> _Required action_:
Everything in the listing below from the line containing "v \<in> \<Gamma> \<Longrightarrow>" through the line containing "v \<le> (h ^^ depth" must be repeated exactly; the remaining lines are not wanted.

> _Record set_:
»»

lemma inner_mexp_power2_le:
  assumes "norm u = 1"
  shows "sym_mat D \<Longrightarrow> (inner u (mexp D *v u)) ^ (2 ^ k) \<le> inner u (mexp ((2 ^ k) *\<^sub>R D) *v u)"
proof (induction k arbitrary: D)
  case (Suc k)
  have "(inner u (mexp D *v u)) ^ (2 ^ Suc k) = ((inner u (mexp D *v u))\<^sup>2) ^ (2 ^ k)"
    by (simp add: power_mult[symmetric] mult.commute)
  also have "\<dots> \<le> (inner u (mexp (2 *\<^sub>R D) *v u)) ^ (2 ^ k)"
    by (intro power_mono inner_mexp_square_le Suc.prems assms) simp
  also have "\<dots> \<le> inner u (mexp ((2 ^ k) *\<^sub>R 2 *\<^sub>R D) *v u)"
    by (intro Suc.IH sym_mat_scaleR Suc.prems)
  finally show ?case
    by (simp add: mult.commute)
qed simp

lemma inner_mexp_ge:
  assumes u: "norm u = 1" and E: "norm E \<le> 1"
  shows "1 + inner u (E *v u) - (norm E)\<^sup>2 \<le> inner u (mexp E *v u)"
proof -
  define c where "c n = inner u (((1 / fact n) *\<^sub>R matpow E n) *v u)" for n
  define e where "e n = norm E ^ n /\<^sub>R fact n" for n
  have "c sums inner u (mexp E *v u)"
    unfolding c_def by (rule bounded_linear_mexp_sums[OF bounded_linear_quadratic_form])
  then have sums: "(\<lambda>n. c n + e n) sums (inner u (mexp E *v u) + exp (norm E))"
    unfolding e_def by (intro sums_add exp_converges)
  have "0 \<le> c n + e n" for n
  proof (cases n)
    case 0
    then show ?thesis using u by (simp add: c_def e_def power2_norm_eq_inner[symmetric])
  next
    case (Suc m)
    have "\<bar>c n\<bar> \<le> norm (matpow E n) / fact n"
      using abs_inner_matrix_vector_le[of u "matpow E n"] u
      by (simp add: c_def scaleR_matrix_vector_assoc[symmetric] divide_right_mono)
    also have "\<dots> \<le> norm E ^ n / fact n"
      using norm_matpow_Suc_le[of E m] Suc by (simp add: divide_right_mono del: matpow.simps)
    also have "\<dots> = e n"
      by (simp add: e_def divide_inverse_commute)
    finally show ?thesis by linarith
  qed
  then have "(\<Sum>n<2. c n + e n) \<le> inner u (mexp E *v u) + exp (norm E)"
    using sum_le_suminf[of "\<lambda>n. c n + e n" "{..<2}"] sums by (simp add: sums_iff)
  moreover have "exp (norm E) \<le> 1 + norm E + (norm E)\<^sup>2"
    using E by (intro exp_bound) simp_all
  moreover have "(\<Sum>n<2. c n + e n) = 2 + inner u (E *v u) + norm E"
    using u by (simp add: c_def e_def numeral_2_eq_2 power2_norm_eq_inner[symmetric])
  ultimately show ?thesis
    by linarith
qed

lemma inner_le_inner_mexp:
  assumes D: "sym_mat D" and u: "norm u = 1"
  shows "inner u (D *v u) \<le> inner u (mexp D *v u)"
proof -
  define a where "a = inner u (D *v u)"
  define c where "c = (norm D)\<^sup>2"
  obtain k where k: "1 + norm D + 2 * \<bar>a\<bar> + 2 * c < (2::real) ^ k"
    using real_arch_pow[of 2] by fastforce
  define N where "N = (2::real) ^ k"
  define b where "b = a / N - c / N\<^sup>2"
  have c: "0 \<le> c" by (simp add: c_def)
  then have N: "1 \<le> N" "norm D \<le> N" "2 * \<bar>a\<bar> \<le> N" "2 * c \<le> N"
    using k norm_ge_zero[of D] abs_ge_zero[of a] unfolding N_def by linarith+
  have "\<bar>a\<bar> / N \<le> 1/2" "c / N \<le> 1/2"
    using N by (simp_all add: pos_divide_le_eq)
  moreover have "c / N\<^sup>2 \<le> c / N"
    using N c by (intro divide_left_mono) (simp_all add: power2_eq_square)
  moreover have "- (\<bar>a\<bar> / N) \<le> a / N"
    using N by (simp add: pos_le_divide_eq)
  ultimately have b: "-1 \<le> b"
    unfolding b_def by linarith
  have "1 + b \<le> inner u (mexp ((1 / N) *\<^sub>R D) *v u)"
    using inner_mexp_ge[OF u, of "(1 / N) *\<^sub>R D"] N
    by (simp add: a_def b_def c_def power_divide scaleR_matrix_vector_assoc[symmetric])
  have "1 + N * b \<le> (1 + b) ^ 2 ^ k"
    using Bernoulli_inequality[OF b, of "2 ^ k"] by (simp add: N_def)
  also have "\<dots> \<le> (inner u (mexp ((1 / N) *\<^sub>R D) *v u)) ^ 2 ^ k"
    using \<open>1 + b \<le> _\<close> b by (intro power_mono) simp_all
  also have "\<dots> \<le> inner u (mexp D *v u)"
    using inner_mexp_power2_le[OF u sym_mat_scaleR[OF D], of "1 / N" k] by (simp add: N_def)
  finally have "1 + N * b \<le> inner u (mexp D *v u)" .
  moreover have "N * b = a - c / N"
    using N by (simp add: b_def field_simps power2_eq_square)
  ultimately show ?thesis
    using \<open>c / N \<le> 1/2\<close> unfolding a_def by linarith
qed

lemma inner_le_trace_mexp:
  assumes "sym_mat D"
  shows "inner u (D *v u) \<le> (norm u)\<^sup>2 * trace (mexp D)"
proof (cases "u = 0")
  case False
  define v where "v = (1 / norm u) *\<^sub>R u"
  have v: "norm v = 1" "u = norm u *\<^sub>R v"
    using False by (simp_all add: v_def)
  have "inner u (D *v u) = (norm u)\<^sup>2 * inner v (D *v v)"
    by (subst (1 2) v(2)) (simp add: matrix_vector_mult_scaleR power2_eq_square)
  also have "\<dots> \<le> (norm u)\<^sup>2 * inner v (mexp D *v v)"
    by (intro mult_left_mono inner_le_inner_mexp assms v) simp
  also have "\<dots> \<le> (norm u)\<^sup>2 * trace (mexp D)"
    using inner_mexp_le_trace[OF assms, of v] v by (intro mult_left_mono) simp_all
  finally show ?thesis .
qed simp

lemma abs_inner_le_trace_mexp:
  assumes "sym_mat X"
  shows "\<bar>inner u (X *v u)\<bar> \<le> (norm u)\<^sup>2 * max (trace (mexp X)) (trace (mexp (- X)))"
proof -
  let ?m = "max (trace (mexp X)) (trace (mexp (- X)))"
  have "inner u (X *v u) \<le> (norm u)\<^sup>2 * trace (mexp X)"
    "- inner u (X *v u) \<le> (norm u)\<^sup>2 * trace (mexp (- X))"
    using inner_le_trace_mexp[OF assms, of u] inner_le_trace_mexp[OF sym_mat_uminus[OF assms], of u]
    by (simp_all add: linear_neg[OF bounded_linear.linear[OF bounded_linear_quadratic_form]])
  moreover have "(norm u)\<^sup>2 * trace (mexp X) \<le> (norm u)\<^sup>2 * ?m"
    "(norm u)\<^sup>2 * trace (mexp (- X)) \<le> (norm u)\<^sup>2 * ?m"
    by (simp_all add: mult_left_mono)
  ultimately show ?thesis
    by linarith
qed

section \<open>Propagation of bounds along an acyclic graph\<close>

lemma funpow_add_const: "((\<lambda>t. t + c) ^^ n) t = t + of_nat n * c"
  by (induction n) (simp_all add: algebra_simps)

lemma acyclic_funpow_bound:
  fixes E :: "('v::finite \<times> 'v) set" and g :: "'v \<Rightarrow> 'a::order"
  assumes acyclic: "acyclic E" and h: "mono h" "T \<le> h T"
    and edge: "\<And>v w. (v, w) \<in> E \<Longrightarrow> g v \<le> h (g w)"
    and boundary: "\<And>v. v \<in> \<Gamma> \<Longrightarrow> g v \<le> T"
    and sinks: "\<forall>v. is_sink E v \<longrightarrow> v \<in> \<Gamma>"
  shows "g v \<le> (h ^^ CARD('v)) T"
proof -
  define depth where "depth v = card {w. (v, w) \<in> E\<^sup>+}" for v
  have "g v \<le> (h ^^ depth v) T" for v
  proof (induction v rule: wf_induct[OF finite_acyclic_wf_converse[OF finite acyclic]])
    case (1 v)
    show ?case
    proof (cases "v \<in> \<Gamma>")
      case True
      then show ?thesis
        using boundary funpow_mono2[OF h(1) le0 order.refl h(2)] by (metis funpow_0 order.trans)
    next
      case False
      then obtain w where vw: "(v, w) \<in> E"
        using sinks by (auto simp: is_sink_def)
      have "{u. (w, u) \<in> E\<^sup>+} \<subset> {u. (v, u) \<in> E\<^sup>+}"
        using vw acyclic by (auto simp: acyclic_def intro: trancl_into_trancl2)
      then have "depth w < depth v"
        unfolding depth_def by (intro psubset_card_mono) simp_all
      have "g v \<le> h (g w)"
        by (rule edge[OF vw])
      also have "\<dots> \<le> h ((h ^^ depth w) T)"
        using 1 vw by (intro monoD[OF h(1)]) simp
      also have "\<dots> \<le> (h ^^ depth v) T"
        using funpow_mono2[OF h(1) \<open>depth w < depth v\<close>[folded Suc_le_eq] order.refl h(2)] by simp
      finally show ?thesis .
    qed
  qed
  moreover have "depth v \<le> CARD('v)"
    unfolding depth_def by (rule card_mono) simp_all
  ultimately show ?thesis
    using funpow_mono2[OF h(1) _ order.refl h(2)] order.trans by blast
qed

««

> _Written answer_:
    and boundary: "\<And>v. v \<in> \<Gamma> \<Longrightarrow> g v \<le> T"
    and sinks: "\<forall>v. is_sink E v \<longrightarrow> v \<in> \<Gamma>"
  shows "g v \<le> (h ^^ CARD('v)) T"
proof -
  define depth where "depth v = card {w. (v, w) \<in> E\<^sup>+}" for v
  have "g v \<le> (h ^^ depth v) T" for v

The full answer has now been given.